I rang the doorbell and waited, leaning on my suitcase. My broken right arm had healed, and I'd got the cast taken off, but my left arm was still covered in burns, so I'd worn a full-sleeved t-shirt. The high collar hid the scar on my neck.

The corridor was dark. The lights weren't working, probably. Maybe there was a power-cut. That was pretty common. The walls were still yellow with age, and were crumbling. I could see that in the moonlight. The managing committee had said that they would get the walls painted. They had even collected money from everyone, promising to make proper colorful graffiti on the walls to make our apartments more attractive. But I'd known nothing was gonna happen. This city was full of lazy people.
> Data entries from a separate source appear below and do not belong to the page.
(* Let $X,Y$ be Banach spaces over $\mathbb{K}\in\{\mathbb{R},\mathbb{C}\}$, let $G\in L(X,Y)$ with $\|G\|=1$, and assume that $\|\cdot\|_G$ is a norm on $L(X,Y)$. Let $T\in L(X,Y)$ satisfy $\|T\|_G=1$. Let $\mathcal{W}(T)\subset L(X,Y)^*$ be the set of all weak*-limits of nets $(\psi_{x_\alpha,y_\alpha^*})$ where $(x_\alpha,y_\alpha^* )\subset S_X\times S_{Y^*}$ is a net with $\|Gx_\alpha\|\to1$ and $y_\alpha^*(Tx_\alpha)\to1$. The following are equivalent: (i) $T$ is a smooth point of the unit ball of $(L(X,Y),\|\cdot\|_G)$; (ii) $\mathcal{W}(T)=\{\varphi\}$ for a single functional $\varphi$ with $\varphi(T)=1$.
   Context: $S_X$ is the unit sphere of $X$, $Y^*$ the dual of $Y$. For $x\in X$, $y^*\in Y^*$, $\psi_{x,y^*}(S)=y^*(Sx)$ for $S\in L(X,Y)$. The $G$-norm is $\|T\|_G := \inf_{\delta>0}\sup\{\|Tx\|: x\in S_X,\ \|Gx\|>1-\delta\}$. $T$ with $\|T\|_G=1$ is a smooth point of the unit ball of $(L(X,Y),\|\cdot\|_G)$ if there is exactly one functional $f$ in the unit sphere of $(L(X,Y),\|\cdot\|_G)^*$ with $f(T)=1$. *)

theory Defs
  imports "HOL-Analysis.Analysis"
begin

text \<open>Scalar field K is a real normed field (i.e. R or C up to isomorphism).
  A K-Banach space is a real Banach space 'a together with a K-scalar
  multiplication s extending scaleR, with norm (s c x) = norm c * norm x.\<close>

definition kspace :: "('k::real_normed_field \<Rightarrow> 'a::real_normed_vector \<Rightarrow> 'a) \<Rightarrow> bool" where
  "kspace s \<longleftrightarrow>
     (\<forall>a b x. s a (s b x) = s (a * b) x) \<and> (\<forall>x. s 1 x = x) \<and>
     (\<forall>a x y. s a (x + y) = s a x + s a y) \<and> (\<forall>a b x. s (a + b) x = s a x + s b x) \<and>
     (\<forall>r x. s (of_real r) x = scaleR r x) \<and> (\<forall>a x. norm (s a x) = norm a * norm x)"

definition klinear :: "('k \<Rightarrow> 'a \<Rightarrow> 'a) \<Rightarrow> ('k \<Rightarrow> 'b \<Rightarrow> 'b) \<Rightarrow> ('a::plus \<Rightarrow> 'b::plus) \<Rightarrow> bool" where
  "klinear sX sY T \<longleftrightarrow> (\<forall>x y. T (x + y) = T x + T y) \<and> (\<forall>c x. T (sX c x) = sY c (T x))"

definition Lop :: "('k::real_normed_field \<Rightarrow> 'a::real_normed_vector \<Rightarrow> 'a) \<Rightarrow> ('k \<Rightarrow> 'b::real_normed_vector \<Rightarrow> 'b)
    \<Rightarrow> ('a \<Rightarrow> 'b) set" where
  "Lop sX sY = {T. klinear sX sY T \<and> (\<exists>K. \<forall>x. norm (T x) \<le> K * norm x)}"

definition kdual :: "('k::real_normed_field \<Rightarrow> 'b::real_normed_vector \<Rightarrow> 'b) \<Rightarrow> ('b \<Rightarrow> 'k) set" where
  "kdual sY = Lop sY (\<lambda>c z. c * z)"

definition gnorm :: "('a::real_normed_vector \<Rightarrow> 'b::real_normed_vector) \<Rightarrow> ('a \<Rightarrow> 'b) \<Rightarrow> real" where
  "gnorm G T = Inf ((\<lambda>\<delta>. Sup ((\<lambda>x. norm (T x)) ` {x. norm x = 1 \<and> norm (G x) > 1 - \<delta>})) ` {0<..})"

definition norm_on_Lop :: "('k::real_normed_field \<Rightarrow> 'a::real_normed_vector \<Rightarrow> 'a) \<Rightarrow> ('k \<Rightarrow> 'b::real_normed_vector \<Rightarrow> 'b)
    \<Rightarrow> (('a \<Rightarrow> 'b) \<Rightarrow> real) \<Rightarrow> bool" where
  "norm_on_Lop sX sY N \<longleftrightarrow>
     (\<forall>S\<in>Lop sX sY. N S \<ge> 0 \<and> (N S = 0 \<longleftrightarrow> S = (\<lambda>x. 0))) \<and>
     (\<forall>S\<in>Lop sX sY. \<forall>c. N (\<lambda>x. sY c (S x)) = norm c * N S) \<and>
     (\<forall>S\<in>Lop sX sY. \<forall>R\<in>Lop sX sY. N (\<lambda>x. S x + R x) \<le> N S + N R)"

text \<open>The dual of (L(X,Y), G-norm): bounded K-linear functionals, taken extensional
  (zero outside L(X,Y)) so that functionals are determined by their values on L(X,Y).\<close>
definition op_dual :: "('k::real_normed_field \<Rightarrow> 'a::real_normed_vector \<Rightarrow> 'a) \<Rightarrow> ('k \<Rightarrow> 'b::real_normed_vector \<Rightarrow> 'b)
    \<Rightarrow> ('a \<Rightarrow> 'b) \<Rightarrow> ((('a \<Rightarrow> 'b) \<Rightarrow> 'k) set)" where
  "op_dual sX sY G = {f.
     (\<forall>S\<in>Lop sX sY. \<forall>R\<in>Lop sX sY. f (\<lambda>x. S x + R x) = f S + f R) \<and>
     (\<forall>S\<in>Lop sX sY. \<forall>c. f (\<lambda>x. sY c (S x)) = c * f S) \<and>
     (\<exists>K. \<forall>S\<in>Lop sX sY. norm (f S) \<le> K * gnorm G S) \<and>
     (\<forall>S. S \<notin> Lop sX sY \<longrightarrow> f S = 0)}"

definition op_dual_norm :: "('k::real_normed_field \<Rightarrow> 'a::real_normed_vector \<Rightarrow> 'a) \<Rightarrow> ('k \<Rightarrow> 'b::real_normed_vector \<Rightarrow> 'b)
    \<Rightarrow> ('a \<Rightarrow> 'b) \<Rightarrow> (('a \<Rightarrow> 'b) \<Rightarrow> 'k) \<Rightarrow> real" where
  "op_dual_norm sX sY G f = Sup ((\<lambda>S. norm (f S)) ` {S \<in> Lop sX sY. gnorm G S \<le> 1})"

definition smooth_point :: "('k::real_normed_field \<Rightarrow> 'a::real_normed_vector \<Rightarrow> 'a) \<Rightarrow> ('k \<Rightarrow> 'b::real_normed_vector \<Rightarrow> 'b)
    \<Rightarrow> ('a \<Rightarrow> 'b) \<Rightarrow> ('a \<Rightarrow> 'b) \<Rightarrow> bool" where
  "smooth_point sX sY G T \<longleftrightarrow>
     (\<exists>!f. f \<in> op_dual sX sY G \<and> op_dual_norm sX sY G f = 1 \<and> f T = 1)"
Suddenly, a cold October breeze blew my hair into my face. I shivered. The air smelled like rain. I was reminded of the night when we first entered the sanatorium. The cold air, the rain, the damaged walls, the dark corridor. I rang the bell five more times, and a while later dad opened the door. He stared at me with bulging eyes. "Hazel?"

"Dad... um, can I come in?" He stepped aside and I dragged my bags in.

"What are you doing here?" he asked, giving me a hug, which obviously made me uncomfortable. I hated hugging him. I hoped he couldn't see my dark circles or how tired I looked.

"I... um... I'm very sleepy right now. Can I just... I'll explain everything to you tomorrow."

He looked at me suspiciously and nodded. "Fine. Alright. Okay. Go to sleep," he said and went to his room.